Les Libyens craignent un « scénario irakien » pour leur patrimoine archéologique
Les récentes images de la destruction de trésors antiques en Irak ont réveillé les craintes d’un scénario similaire en Libye, un pays au riche patrimoine archéologique où les groupes jihadistes gagnent du terrain.
Méconnue, la richesse patrimoniale de la Libye a peu à envier à celle de l’Italie, son ancienne puissance coloniale, ou de la Grèce. Cyrène est ainsi surnommée « l’Athènes d’Afrique » et son temple d’Apollon comparé à celui d’Olympie.
D’ailleurs, les sites de Cyrène comme ceux de Leptis, Sabratha (nord), Ghadamès (ouest) et Akakous (sud) sont classés au patrimoine mondial de l’Unesco.
« Nous craignons que les extrémistes ne s’en prennent à notre patrimoine comme ils l’ont fait en Irak », s’inquiète le chef du service des Antiquités libyennes Ahmed Hassan, interviewé par l’AFP à Shahat, une ville de l’est proche de Cyrène.

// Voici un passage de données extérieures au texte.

lemma kempe_degree_split:
  assumes "a \<noteq> b"
  shows "card {e\<in>kempe_edges f a b v. u \<in> e}
    = card {e\<in>{e\<in>kempe_edges f a b v. f e = a}. u \<in> e} + card {e\<in>{e\<in>kempe_edges f a b v. f e = b}. u \<in> e}"
proof -
  let ?K = "kempe_edges f a b v"
  have "{e\<in>?K. u \<in> e} = {e\<in>{e\<in>?K. f e = a}. u \<in> e} \<union> {e\<in>{e\<in>?K. f e = b}. u \<in> e}"
    by (auto dest: kempe_edgesD)
  moreover have "{e\<in>{e\<in>?K. f e = a}. u \<in> e} \<inter> {e\<in>{e\<in>?K. f e = b}. u \<in> e} = {}"
    using assms by auto
  ultimately show ?thesis
    using finite_kempe_edges[of f a b v] by (simp add: card_Un_disjoint)
qed

text \<open>A chain ending at \<open>u\<^sub>0\<close> with a \<open>b\<close>-edge has at least as many \<open>b\<close>-edges as
  \<open>a\<close>-edges: at every vertex \<open>deg\<^sub>a \<le> deg\<^sub>b + (2 - deg)\<close>, with one unit to spare at \<open>u\<^sub>0\<close>,
  and the total deficiency \<open>\<Sum> (2 - deg)\<close> is at most \<open>2\<close>.\<close>
lemma card_kempe_colour_class_le:
  assumes proper: "proper_edge_coloring E t f" and "a \<noteq> b"
    and u\<^sub>0: "u\<^sub>0 \<in> kempe_vertices f a b v" "\<nexists>e. e \<in> E \<and> u\<^sub>0 \<in> e \<and> f e = a"
    and e\<^sub>1: "e\<^sub>1 \<in> E" "u\<^sub>0 \<in> e\<^sub>1" "f e\<^sub>1 = b"
  shows "card {e\<in>kempe_edges f a b v. f e = a} \<le> card {e\<in>kempe_edges f a b v. f e = b}"
proof -
  let ?C = "kempe_vertices f a b v" and ?K = "kempe_edges f a b v"
  let ?da = "\<lambda>u. card {e\<in>{e\<in>?K. f e = a}. u \<in> e}"
  let ?db = "\<lambda>u. card {e\<in>{e\<in>?K. f e = b}. u \<in> e}"
  let ?s = "\<lambda>u. 2 - card {e\<in>?K. u \<in> e}"
  note deg = kempe_degree_split[OF \<open>a \<noteq> b\<close>, of f v]
  have one: "?da u \<le> card {a}" "?db u \<le> card {b}" for u
    using kempe_edges_subset
    by (intro card_edges_at_vertex_le_card_colours[OF proper]; force)+
  have le: "?da u \<le> ?db u + ?s u" for u
    using deg[of u] one(1)[of u] by simp
  have "e\<^sub>1 \<in> ?K"
    unfolding kempe_edges_iff using e\<^sub>1 u\<^sub>0(1) by (intro conjI bexI[of _ u\<^sub>0]) simp_all
  then have "?db u\<^sub>0 \<noteq> 0"
    using e\<^sub>1 finite_kempe_edges[of f a b v] by auto
  then have db0: "?db u\<^sub>0 = 1"
    using one(2)[of u\<^sub>0] by simp
  have "{e\<in>{e\<in>?K. f e = a}. u\<^sub>0 \<in> e} = {}"
    using u\<^sub>0(2) kempe_edges_subset by blast
  then have da0: "?da u\<^sub>0 = 0"
    by (metis card.empty)
  note remove = sum.remove[OF finite_kempe_vertices u\<^sub>0(1)]
  have "(\<Sum>u\<in>?C. ?da u) = (\<Sum>u\<in>?C - {u\<^sub>0}. ?da u)"
    using remove[of ?da] da0 by simp
  moreover have "\<dots> \<le> (\<Sum>u\<in>?C - {u\<^sub>0}. ?db u) + (\<Sum>u\<in>?C - {u\<^sub>0}. ?s u)"
    using le by (simp add: sum.distrib[symmetric] sum_mono)
  moreover have "(\<Sum>u\<in>?C. ?db u) = (\<Sum>u\<in>?C - {u\<^sub>0}. ?db u) + 1"
    using remove[of ?db] db0 by simp
  moreover have "(\<Sum>u\<in>?C. ?s u) = (\<Sum>u\<in>?C - {u\<^sub>0}. ?s u) + 1"
    using remove[of ?s] deg[of u\<^sub>0] da0 db0 by simp
  ultimately have "(\<Sum>u\<in>?C. ?da u) \<le> (\<Sum>u\<in>?C. ?db u)"
    using sum_kempe_deficiency_le_2[OF proper, of a b v] by linarith
  then show ?thesis
    using sum_kempe_degrees[of "{e\<in>?K. f e = a}" f a b v]
      sum_kempe_degrees[of "{e\<in>?K. f e = b}" f a b v] by simp
qed

lemma num_high_edges_kempe_swap_le:
  assumes "proper_edge_coloring E t f" "a \<le> \<Delta>" "\<Delta> < b"
    and "u\<^sub>0 \<in> kempe_vertices f a b v" "\<nexists>e. e \<in> E \<and> u\<^sub>0 \<in> e \<and> f e = a"
    and "e\<^sub>1 \<in> E" "u\<^sub>0 \<in> e\<^sub>1" "f e\<^sub>1 = b"
  shows "num_high_edges (kempe_swap f a b v) \<le> num_high_edges f"
  using card_kempe_colour_class_le[OF assms(1) _ assms(4-8)] assms(2,3)
    num_high_edges_kempe_swap_balance[OF assms(2,3), of f v] by simp

lemma kempe_edges_single_edge:
  assumes xw: "{x, w} \<in> E" "f {x, w} = a \<or> f {x, w} = b"
    and only: "\<And>e. e \<in> E \<Longrightarrow> x \<in> e \<or> w \<in> e \<Longrightarrow> f e = a \<or> f e = b \<Longrightarrow> e = {x, w}"
  shows "kempe_edges f a b x = {{x, w}}"
proof -
  have "kempe_vertices f a b x \<subseteq> {x, w}"
  proof
    fix u assume "u \<in> kempe_vertices f a b x"
    then have "(edge_adj (two_colored_edges E f a b))\<^sup>*\<^sup>* x u"
      unfolding kempe_vertices_def by simp
    then show "u \<in> {x, w}"
    proof induction
      case (step y z)
      then have "{y, z} = {x, w}"
        using only unfolding edge_adj_def two_colored_edges_def by auto
      then show ?case
        by auto
    qed simp
  qed
  then have "e \<in> kempe_edges f a b x \<Longrightarrow> e = {x, w}" for e
    using only unfolding kempe_edges_iff by blast
  moreover have "{x, w} \<in> kempe_edges f a b x"
    using xw by (rule edge_at_start_in_kempe_edges)
  ultimately show ?thesis
    by blast
qed

end

locale recolouring = finite_simple_graph V E for V :: "'a set" and E :: "'a set set" +
  fixes t :: nat
  assumes max_degree_less: "max_degree V E < t"
begin

abbreviation proper :: "('a set \<Rightarrow> nat) \<Rightarrow> bool" where
  "proper f \<equiv> proper_edge_coloring E t f"

abbreviation kempe_reachable :: "('a set \<Rightarrow> nat) \<Rightarrow> ('a set \<Rightarrow> nat) \<Rightarrow> bool" where
  "kempe_reachable \<equiv> (interchange E t)\<^sup>*\<^sup>*"

lemma low_colour_in_palette: "d \<in> {1..\<Delta>} \<Longrightarrow> d \<in> {1..t}"
  using max_degree_less by auto

definition improvable :: "('a set \<Rightarrow> nat) \<Rightarrow> bool" where
  "improvable f \<longleftrightarrow>
     (\<exists>g. kempe_reachable f g \<and> proper g \<and> num_high_edges g < num_high_edges f)"

lemma improvable_if_reachable:
  "kempe_reachable f g \<Longrightarrow> num_high_edges g \<le> num_high_edges f \<Longrightarrow> improvable g \<Longrightarrow> improvable f"
  unfolding improvable_def by (meson order.strict_trans2 rtranclp_trans)

definition fan :: "('a set \<Rightarrow> nat) \<Rightarrow> 'a \<Rightarrow> 'a list \<Rightarrow> bool" where
  "fan f x ys \<longleftrightarrow> ys \<noteq> [] \<and> distinct ys \<and> (\<forall>y\<in>set ys. {x, y} \<in> E) \<and> \<Delta> < f {x, hd ys}
     \<and> (\<forall>i. 0 < i \<and> i < length ys \<longrightarrow> f {x, ys ! i} \<in> missing f (ys ! (i - 1)))"

lemma fanD:
  assumes "fan f x ys"
  shows fan_nonempty: "ys \<noteq> []" and fan_distinct: "distinct ys"
    and fan_edge: "y \<in> set ys \<Longrightarrow> {x, y} \<in> E"
    and fan_first_high: "\<Delta> < f {x, hd ys}"
    and fan_missing: "0 < i \<Longrightarrow> i < length ys \<Longrightarrow> f {x, ys ! i} \<in> missing f (ys ! (i - 1))"
  using assms unfolding fan_def by blast+

lemma fan_colours_distinct:
  assumes fan: "fan f x ys" and proper: "proper f"
    and "i < length ys" "j < length ys" "i \<noteq> j"
  shows "f {x, ys ! i} \<noteq> f {x, ys ! j}"
proof -
  have "ys ! i \<noteq> ys ! j"
    using nth_eq_iff_index_eq[OF fan_distinct[OF fan]] assms(3-5) by simp
  then have "{x, ys ! i} \<noteq> {x, ys ! j}"
    by (metis doubleton_eq_iff)
  moreover have "{x, ys ! i} \<in> E" "{x, ys ! j} \<in> E"
    using fan_edge[OF fan] assms(3,4) by simp_all
  ultimately show ?thesis
    using proper_edge_coloring_eq_at_vertex[OF proper, of _ _ x] by blast
qed

lemma fan_length_le:
  assumes "fan f x ys"
  shows "length ys \<le> card V"
proof -
  have "set ys \<subseteq> V"
    using fan_edge[OF assms] vertex_of_edge by blast
  then show ?thesis
    using card_mono[OF finite_V] distinct_card[OF fan_distinct[OF assms]] by metis
qed

lemma fan_snoc:
  assumes "fan f x ys" "{x, z} \<in> E" "z \<notin> set ys" "f {x, z} \<in> missing f (last ys)"
  shows "fan f x (ys @ [z])"
proof -
  have "f {x, (ys @ [z]) ! i} \<in> missing f ((ys @ [z]) ! (i - 1))"
    if "0 < i" "i < length (ys @ [z])" for i
  proof (cases "i < length ys")
    case True
    then have "i - 1 < length ys"
      by simp
    with True show ?thesis
      using fan_missing[OF assms(1) that(1)] by (simp add: nth_append)
  next
    case False
    then have "i = length ys"
      using that by simp
    then show ?thesis
      using assms(4) fan_nonempty[OF assms(1)] by (simp add: nth_append last_conv_nth)
  qed
  with assms show ?thesis
    unfolding fan_def by auto
qed

text \<open>The fan edge at position \<open>j\<close> is exempt from the colour condition and is checked
  directly; \<open>j = 0\<close> exempts nothing.\<close>
lemma fan_kempe_swap:
  fixes f :: "'a set \<Rightarrow> nat" and a b :: nat and v :: 'a
  defines "g \<equiv> kempe_swap f a b v"
  assumes ys: "ys \<noteq> []" "distinct ys" "\<forall>y\<in>set ys. {x, y} \<in> E" "\<Delta> < g {x, hd ys}"
    and others: "\<And>i. 0 < i \<Longrightarrow> i < length ys \<Longrightarrow> i \<noteq> j \<Longrightarrow>
      f {x, ys ! i} \<in> missing f (ys ! (i - 1)) \<and> f {x, ys ! i} \<noteq> a \<and> f {x, ys ! i} \<noteq> b"
    and at_j: "0 < j \<Longrightarrow> j < length ys \<Longrightarrow> g {x, ys ! j} \<in> missing g (ys ! (j - 1))"
  shows "fan g x ys"
proof -
  have "g {x, ys ! i} \<in> missing g (ys ! (i - 1))" if i: "0 < i" "i < length ys" for i
  proof (cases "i = j")
    case True
    then show ?thesis
      using at_j i by simp
  next
    case False
    with others[OF i] show ?thesis
      unfolding g_def using kempe_swap_eq_other_colour missing_kempe_swap_other_colour by metis
  qed
  with ys show ?thesis
    unfolding fan_def by blast
qed

lemma missing_if_same_colour_class:
  "(\<And>e. g e = d \<longleftrightarrow> f e = d) \<Longrightarrow> d \<in> missing g u \<longleftrightarrow> d \<in> missing f u"
  unfolding missing_iff by simp

text \<open>Swapping the colours of the first two fan edges along their common Kempe chain moves
  the high colour to the second fan edge; the chain ends at \<open>y\<^sub>0\<close>, which misses the low
  colour, so no high edges are created.\<close>
lemma fan_shift:
  assumes fan: "fan f x (y\<^sub>0 # y\<^sub>1 # ys)" and proper: "proper f"
  obtains g where "interchange E t f g" "proper g" "num_high_edges g \<le> num_high_edges f"
    "fan g x (y\<^sub>1 # ys)" "g {x, y\<^sub>1} = f {x, y\<^sub>0}" "\<And>d e. d \<in> missing f x \<Longrightarrow> g e = d \<longleftrightarrow> f e = d"
proof -
  let ?a = "f {x, y\<^sub>1}" and ?c = "f {x, y\<^sub>0}"
  let ?K = "kempe_edges f ?a ?c x" and ?g = "kempe_swap f ?a ?c x"
  have e: "{x, y\<^sub>0} \<in> E" "{x, y\<^sub>1} \<in> E"
    using fan_edge[OF fan] by simp_all
  have "?a \<in> missing f y\<^sub>0"
    using fan_missing[OF fan, of 1] by simp
  then have a_low: "?a \<in> {1..\<Delta>}" and no_a: "\<nexists>e. e \<in> E \<and> y\<^sub>0 \<in> e \<and> f e = ?a"
    unfolding missing_iff by blast+
  have c_high: "\<Delta> < ?c"
    using fan_first_high[OF fan] by simp
  have K: "{x, y\<^sub>0} \<in> ?K" "{x, y\<^sub>1} \<in> ?K"
    using e by (auto intro: edge_at_start_in_kempe_edges)
  have palette: "?a \<in> {1..t}" "?c \<in> {1..t}"
    using low_colour_in_palette[OF a_low] proper_edge_coloring_range[OF proper e(1)] .
  have swapped: "?g {x, y\<^sub>0} = ?a" "?g {x, y\<^sub>1} = ?c"
    using K by (simp_all add: kempe_swap_inside)
  have y\<^sub>0: "y\<^sub>0 \<in> kempe_vertices f ?a ?c x"
    using kempe_edge_subset_vertices[OF K(1)] by blast
  have "num_high_edges ?g \<le> num_high_edges f"
    using a_low c_high no_a e(1)
    by (intro num_high_edges_kempe_swap_le[OF proper _ _ y\<^sub>0, of "{x, y\<^sub>0}"]) auto
  moreover have "fan ?g x (y\<^sub>1 # ys)"
  proof (rule fan_kempe_swap[where j = 0])
    fix i assume i: "0 < i" "i < length (y\<^sub>1 # ys)"
    let ?y = "(y\<^sub>1 # ys) ! i"
    have "f {x, ?y} \<in> missing f ((y\<^sub>1 # ys) ! (i - 1))"
      using fan_missing[OF fan, of "Suc i"] i by simp
    moreover have "f {x, ?y} \<noteq> ?a"
      using fan_colours_distinct[OF fan proper, of "Suc i" 1] i by simp
    ultimately show "f {x, ?y} \<in> missing f ((y\<^sub>1 # ys) ! (i - 1)) \<and> f {x, ?y} \<noteq> ?a
        \<and> f {x, ?y} \<noteq> ?c"
      using c_high unfolding missing_iff by auto
  qed (use fan_distinct[OF fan] fan_edge[OF fan] swapped c_high in auto)
  moreover have "?g e = d \<longleftrightarrow> f e = d" if "d \<in> missing f x" for d e
    using that missing_neq_colour[OF that e(2)] c_high kempe_swap_eq_other_colour
    unfolding missing_iff by (metis atLeastAtMost_iff leD insertI1)
  ultimately show ?thesis
    using that[of ?g] interchange_kempe_swap[OF palette] K proper_kempe_swap[OF proper palette]
      swapped by blast
qed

C’est pour cela que « nous travaillons avec des partenaires étrangers et d’autres acteurs », ajoute-t-il.
« Experts et archéologues craignent que le scénario irakien ne se reproduise en Libye », confie aussi Mohamed al-Chelmani, le responsable du département Archéologique de Benghazi, la grande ville de l’est.
La communauté internationale avait été très choquée en février par une vidéo diffusée par le groupe Etat islamique montrant des jihadistes réduisant en miettes de nombreuses pièces archéologiques, dont des objets inestimables exposés au musée de Mossoul, le fief de l’EI en Irak.

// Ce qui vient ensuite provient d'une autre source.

lemma norm_lucas_seq_le:
  fixes z w :: "'a::real_normed_field"
  assumes "norm z \<le> r" "norm w \<le> r"
  shows "norm (lucas_seq (z + w) (z * w) k) \<le> real k * r ^ (k - 1)"
proof -
  have "0 \<le> r"
    using norm_ge_zero[of z] assms(1) by linarith
  have "norm (z ^ i * w ^ (k - 1 - i)) \<le> r ^ (k - 1)" if "i < k" for i
  proof -
    have "norm (z ^ i * w ^ (k - 1 - i)) \<le> r ^ i * r ^ (k - 1 - i)"
      unfolding norm_mult norm_power
      by (intro mult_mono power_mono assms zero_le_power \<open>0 \<le> r\<close> norm_ge_zero)
    also have "\<dots> = r ^ (k - 1)"
      using that by (simp flip: power_add)
    finally show ?thesis .
  qed
  then have "norm (\<Sum>i<k. z ^ i * w ^ (k - 1 - i)) \<le> (\<Sum>i<k. r ^ (k - 1))"
    by (intro sum_norm_le) simp
  then show ?thesis
    by (simp add: lucas_seq_eq_sum_root_powers)
qed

Le groupe jihadiste, qui contrôle depuis 2014 de nombreuses régions de ce pays, est aussi accusé d’avoir pillé et vandalisé de nombreux sites archéologiques.
– Mausolées détruits –
Comme en Irak où l’EI a profité de l’incapacité de forces de l’ordre à assurer la sécurité, les jihadistes poussent leurs pions en Libye, notamment dans l’est, en profitant du chaos qui y règne depuis la chute du colonel Kadhafi en octobre 2011.
Le pays est depuis sous le joug de milices rivales, avec aujourd’hui deux gouvernements et parlements rivaux, sans aucune perspective de règlement politique de la crise.

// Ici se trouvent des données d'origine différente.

(* Let $X$ be an instance set, $f:X\to\mathcal{F}$ a feature map with $\mathcal{F}$ finite, $\mathcal{A}$ a set of algorithms with performance measure $\mathrm{cost}:\mathcal{A}\times X\to\mathbb{R}$ such that the class $\{x\mapsto\mathrm{cost}(A,x):A\in\mathcal{A}\}$ has pseudo-dimension $d$, and $\mathcal{G}$ a set of maps $g:\mathcal{F}\to\mathcal{A}$. Then the class $\{x\mapsto \mathrm{cost}(g(f(x)),x): g\in\mathcal{G}\}$ has pseudo-dimension at most $|\mathcal{F}|\,d$.
   Context: Pseudo-dimension: a finite set $\{x_1,\dots,x_m\}$ is shattered by a class $\mathcal{H}$ of real functions if there exist reals $r_i$ such that for every $T\subseteq\{1,\dots,m\}$ some $h\in\mathcal{H}$ has $h(x_i)>r_i\iff i\in T$; the pseudo-dimension is the largest size of a shattered set. *)

theory Defs
  imports "HOL-Analysis.Analysis" "HOL-Library.Extended_Nat"
begin

definition pshatters :: "('a \<Rightarrow> real) set \<Rightarrow> 'a set \<Rightarrow> bool" where
  "pshatters H S \<longleftrightarrow> finite S \<and>
     (\<exists>r :: 'a \<Rightarrow> real. \<forall>T \<subseteq> S. \<exists>h \<in> H. \<forall>x \<in> S. (h x > r x \<longleftrightarrow> x \<in> T))"

definition pdim :: "'a set \<Rightarrow> ('a \<Rightarrow> real) set \<Rightarrow> enat" where
  "pdim X H = Sup {enat (card S) | S. S \<subseteq> X \<and> pshatters H S}"

end

theory Submission
  imports Defs
begin

text \<open>Split a set shattered by the composed class into the fibres of the feature map.
On the fibre over a feature u every composed function agrees with the single cost function
of the algorithm g u, so each fibre is shattered by the cost class and has at most d elements;
there are at most |Fs| fibres.\<close>

lemma pshatters_restrict:
  assumes "pshatters H S" and "S' \<subseteq> S"
    and "\<forall>h \<in> H. \<exists>h' \<in> H'. \<forall>x \<in> S'. h' x = h x"
  shows "pshatters H' S'"
proof -
  from assms(1) obtain r where r: "\<forall>T \<subseteq> S. \<exists>h \<in> H. \<forall>x \<in> S. (h x > r x \<longleftrightarrow> x \<in> T)"
    and "finite S"
    unfolding pshatters_def by blast
  have "\<exists>h' \<in> H'. \<forall>x \<in> S'. (h' x > r x \<longleftrightarrow> x \<in> T)" if "T \<subseteq> S'" for T
  proof -
    from r \<open>T \<subseteq> S'\<close> \<open>S' \<subseteq> S\<close> obtain h where "h \<in> H" and h: "\<forall>x \<in> S. (h x > r x \<longleftrightarrow> x \<in> T)"
      by blast
    with assms(3) obtain h' where "h' \<in> H'" and "\<forall>x \<in> S'. h' x = h x" by blast
    with h \<open>S' \<subseteq> S\<close> show ?thesis by (metis subsetD)
  qed
  with \<open>finite S\<close> \<open>S' \<subseteq> S\<close> show ?thesis
    unfolding pshatters_def by (blast intro: finite_subset)
qed

lemma card_le_pdim:
  assumes "S \<subseteq> X" and "pshatters H S"
  shows "enat (card S) \<le> pdim X H"
  unfolding pdim_def using assms by (blast intro: Sup_upper)

lemma pdim_le_enatI:
  assumes "\<And>S. S \<subseteq> X \<Longrightarrow> pshatters H S \<Longrightarrow> card S \<le> n"
  shows "pdim X H \<le> enat n"
  unfolding pdim_def using assms by (auto intro!: Sup_least)

lemma card_le_card_mult_fibre_bound:
  assumes "finite Fs" and "f ` S \<subseteq> Fs"
    and "\<And>u. u \<in> Fs \<Longrightarrow> card {x \<in> S. f x = u} \<le> d"
  shows "card S \<le> card Fs * d"
proof -
  have "S = (\<Union>u\<in>Fs. {x \<in> S. f x = u})" using assms(2) by auto
  then have "card S \<le> (\<Sum>u\<in>Fs. card {x \<in> S. f x = u})"
    by (metis card_UN_le assms(1))
  also have "\<dots> \<le> (\<Sum>u\<in>Fs. d)" by (rule sum_mono) (rule assms(3))
  also have "\<dots> = card Fs * d" by simp
  finally show ?thesis .
qed

theorem mainTheorem5:
  fixes X :: "'x set" and f :: "'x \<Rightarrow> 'f" and Fs :: "'f set"
    and Algs :: "'a set" and cost :: "'a \<Rightarrow> 'x \<Rightarrow> real"
    and G :: "('f \<Rightarrow> 'a) set" and d :: nat
  assumes "finite Fs"
    and "\<forall>x \<in> X. f x \<in> Fs"
    and "\<forall>g \<in> G. \<forall>u \<in> Fs. g u \<in> Algs"
    and "pdim X ((\<lambda>A x. cost A x) ` Algs) = enat d"
  shows "pdim X ((\<lambda>g x. cost (g (f x)) x) ` G) \<le> enat (card Fs * d)"
proof (rule pdim_le_enatI)
  fix S assume "S \<subseteq> X" and shattered: "pshatters ((\<lambda>g x. cost (g (f x)) x) ` G) S"
  show "card S \<le> card Fs * d"
  proof (rule card_le_card_mult_fibre_bound[OF assms(1)])
    show "f ` S \<subseteq> Fs" using \<open>S \<subseteq> X\<close> assms(2) by auto
    fix u assume "u \<in> Fs"
    have "pshatters ((\<lambda>A x. cost A x) ` Algs) {x \<in> S. f x = u}"
      by (rule pshatters_restrict[OF shattered]) (use \<open>u \<in> Fs\<close> assms(3) in auto)
    moreover have "{x \<in> S. f x = u} \<subseteq> X" using \<open>S \<subseteq> X\<close> by auto
    ultimately have "enat (card {x \<in> S. f x = u}) \<le> enat d"
      using card_le_pdim assms(4) by metis
    then show "card {x \<in> S. f x = u} \<le> d" by simp
  qed
qed

end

Fin 2104, une emblématique statue d’une femme nue caressant une gazelle a disparu en plein Tripoli, un acte attribué par les autorités à des « des terroristes ».
Plusieurs mausolées dans la capitale et ailleurs ont en outre été détruits par des islamistes radicaux parfois au bulldozer car, selon eux, la vénération de saints musulmans ou de leurs tombes contredit l’unicité de Dieu.
Dans ce contexte, les archéologues n’excluent plus de mettre à l’abri « hors du pays » les trésors menacés, et de les rapatrier une fois la sécurité rétablie, selon M. Chelmani.
Pour mener à bien ce projet, les responsables libyens entendent demander l’aide de l’Unesco et de l’ONU, explique-t-il.
L’urgence est aussi de lutter contre le trafic d’antiquités, l’absence de sécurité ayant favorisé les fouilles clandestines sur les sites.
Plusieurs cas de vols d’objets antiques ont ainsi été répertoriés à Syrte (nord), Cyrène et dans d’autres localités de l’Est, selon le porte-parole du département des Antiquités, Fathallah Kammech.
Fin 2011, « le trésor de Benghazi », une collection de quelque 8. 000 pièces d?or, d’argent et de bronze, remontant à Alexandre le Grand, et qui était conservé dans une banque de cette ville, s’est volatilisé.
Les archéologues regrettent que les Libyens, d’une façon générale, n’aient pas conscience de l’importance du patrimoine pré-islamique.
L’expert libyen en archéologie Fadhl al-Hassi cite l’exemple de la destruction d’au moins 15 sites depuis 2011 par des habitants qui ont construit des maisons à leur place, dont certaines à Shahat.
A Tobrouk, à la frontière égyptienne, un ancien palais islamique remontant à plusieurs siècles a été endommagé et fait aujourd?hui office d?étable.
La plupart des sites archéologiques, en pleine nature, ne sont par ailleurs pas très bien protégés, surveillés seulement par des civils non armés dépendant du département des Antiquités.